Na solidão de nossa bolha automotiva, o sinal de trânsito é uma praça. Carregadores de celular, água mineral, peças de carro, serviços inúteis, limpador de para-brisa, água explode no vidro, ofertam o serviço, na mais feroz das recusas. O ato de negar torna-se mero ritual, após a negação vem a oferta, duas moedas da caixinha de caridades, o próximo vem, já não limpa mais, torna-se polimento, quando a placa é de fora, ou o carro é da moda, aumenta o tormento.
Brinquedos, pelúcias, eletrônicos, diante dos olhos, da bolha, das entediadas crianças em suas celas, cadeiras. Compra pra mim, agora não dá o sinal vai abrir, mas acabou de fechar, aquilo não presta vai logo quebrar.

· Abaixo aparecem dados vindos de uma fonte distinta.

(* Suppose the queries are chosen by GP-TS-SDF, i.e., $x_t\in\arg\max_{x\in\mathcal{Q}}f_t(x)$ where $f_t\sim\mathcal{GP}(\mu_{t-1}(\cdot),\nu_t^2\sigma^2_{t-1}(\cdot))$ given $\mathcal{F}_{t-1}$, and let $r_t=f(x^\star)-f(x_t)$. For any filtration $\mathcal{F}_{t-1}$, conditioned on the event $E^f(t)$, $$\mathbb{E}[r_t\mid\mathcal{F}_{t-1}]\le\frac{11c_t}{\rho_mp}\mathbb{E}[\sigma_{t-1}(x_t)\mid\mathcal{F}_{t-1}]+\frac{2\mathcal{B}_f}{t^2},\qquad p=\frac{1}{4e\sqrt{\pi}}.$$
   Context: Setting. Let $\mathcal{Q}\subset\mathbb{R}^n$ be finite, $k$ a positive semidefinite kernel on $\mathcal{Q}$ with $k\le1$, and $f$ in the RKHS of $k$ with $\|f\|_k\le\mathcal{B}_f$; $x^\star\in\arg\max_{x\in\mathcal{Q}}f(x)$. Queries $x_1,x_2,\ldots$ are selected sequentially; feedback $y_t=f(x_t)+\epsilon_t$ with $R$-sub-Gaussian $\epsilon_t$ and $|y_t|\le\mathcal{B}_y$, observed after a random delay $d_t\in\{0,1,\ldots\}$ drawn from $\mathcal{D}$. For an integer $m\ge1$, $\rho_m=\mathbb{P}(d_s\le m)$, censored feedback $\tilde y_{s,t}=y_s\mathbb{1}\{d_s\le\min(m,t-s)\}$. With $\lambda>0$: $\mu_{t-1}(x)=\mathbf{k}_{t-1}(x)^\top(\mathbf{K}_{t-1}+\lambda I)^{-1}\tilde{\mathbf{y}}_{t-1}$, $\sigma^2_{t-1}(x,x')=k(x,x')-\mathbf{k}_{t-1}(x)^\top(\mathbf{K}_{t-1}+\lambda I)^{-1}\mathbf{k}_{t-1}(x')$, $\sigma^2_{t-1}(x)=\sigma^2_{t-1}(x,x)$, $\mathbf{k}_{t-1}(x)=(k(x,x_i))_{i\le t-1}$, $\mathbf{K}_{t-1}=(k(x_i,x_j))_{i,j\le t-1}$, $\tilde{\mathbf{y}}_{t-1}=(\tilde y_{s,t})_{s\le t-1}$. $\gamma_t=\max_A\frac12\log\det(I+\lambda^{-1}\mathbf{K}_A)$ over collections of $t$ points. For $\delta\in(0,1)$: $\beta_t=\mathcal{B}_f+(R+\mathcal{B}_y)\sqrt{2(\gamma_{t-1}+1+\log(4/\delta))}$, $\nu_t=\mathcal{B}_y\sum_{s=t-m}^{t-1}\sigma_{t-1}(x_s)+\beta_t$ (terms with $s<1$ omitted), $c_t=\nu_t(1+\sqrt{2\log(|\mathcal{Q}|t^2)})$. $\mathcal{F}_{t-1}$: history up to iteration $t-1$. $E^f(t)$: the event that $|\mu_{t-1}(x)-\rho_mf(x)|\le\nu_t\sigma_{t-1}(x)$ for all $x\in\mathcal{Q}$. *)

theory Defs
  imports "HOL-Analysis.Analysis" "HOL-Probability.Probability"
begin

Resquício raquítico do circo, malabares, palhaços de instituições de caridade, cuspidores de fogo, deficientes em busca de sustento, crianças de colo, doces no retrovisor, quer saber, lá poetas deveriam haver.
Clima de feira, a mão ligeira na corrente, os mendigos, os barracos, as frutas embaladas, as nuas também, os doces, sementes, água de coco, é duas por cinco, pago cinco por dez, essa está verde, a água está quente, não quer funcionar, esse limpador de para-brisa é de outro modelo não quer encaixar.
Os pedestres no palco, passarela, na faixa, o olhar de desconfiança, para, não para, olha a linha, o sinal, já abriu, vai fechar, anda rápido, vem devagar, passo, não passo, dá tempo, não dá, agora eu vou, vai dá, fechou. Passa, passa, sai de cima da faixa, mas que platéia chata, eles precisam passar, a cidade é minha, o carro sou eu, acidente na esquina, pedestre morreu.
Olha a ciclofaixa, não vira assim, sem seta sem nada, espera passar, vai mais devagar, a cidade é minha, o carro é seu, pouco mais de calma, carros com alma, o sinal é pra todos, a pista também. Vai logo é protesto, para não para, bomba, fumaça, sai logo dispara.
O verde na frente, a esperança acesa, dá tempo, acelero. Diminui, o da frente, sem fé no futuro, diminui o ritmo, se conforma e espera a esperança apagar. Eu passo à direita, a esperança segue acesa, enquanto o laranja durar; se guarda, ou radar, ou alguém me multar, passo mesmo assim, é longo o vermelho, eu preciso ir.
Na madrugada descansa, pisca o laranja, sem verde sem regras, sem vermelho pecado, que se foda e o caralho, passo mesmo assim. Você passa ou eu passo? Que sujeito educado, vá na frente obrigado. Olha aquele ali, não para aqui, sujeito noiado, tem alguém ali do outro lado, passa mesmo assim.
Abriu esse lado, não viro à direita, sigo em frente, em frente não pode, é o lado errado, o sinal abriu desse lado, siga agora. Pra frente é vermelho? Mas que desespero, que coisa perversa, direção diversa, é multa ou linchado.
Buzina, abriu, mal deu laranja já vai parar, dá tempo amigo, passa por cima, olha o cara já vai brigar, sirene é polícia, ambulância, sobe a calçada, o meio fio, a sirene, a morte, não pode parar, anda meu filho, o sinal vai abrir, olha o cara, no meio do cruzamento, ficou de castigo, que desalento, quão chapéu de burro no canto da sala, todos o olham, que sirva de exemplo, em outro momento, fique antes da faixa, o sinal vai fechar.
O outro lado fechou, aqui vai abrir, engata a primeira, ronca o motor, mas logo agora, o carro da frente enguiçou, a fila se forma, dá sinaleira, me deixa passar. Cuidado olha a multa, não pare ai, passou no vermelho, não vi. Olha essa moto, não cabe aqui, meu retrovisor, cuidado ai.
Agora dá tempo, responda a mensagem, o celular abaixado, pra ninguém notar, buzina buzina, abriu. Os dois da frente anseiam o verde, não pensam em mais nada, quando apagar o vermelho começam a arrancada.
Na janela a cidade para, o céu aparece, aquele pensamento, aquela prece, a solidão dos sinais, semáforos, faróis, nos fazem sentir, um pouco mais sós.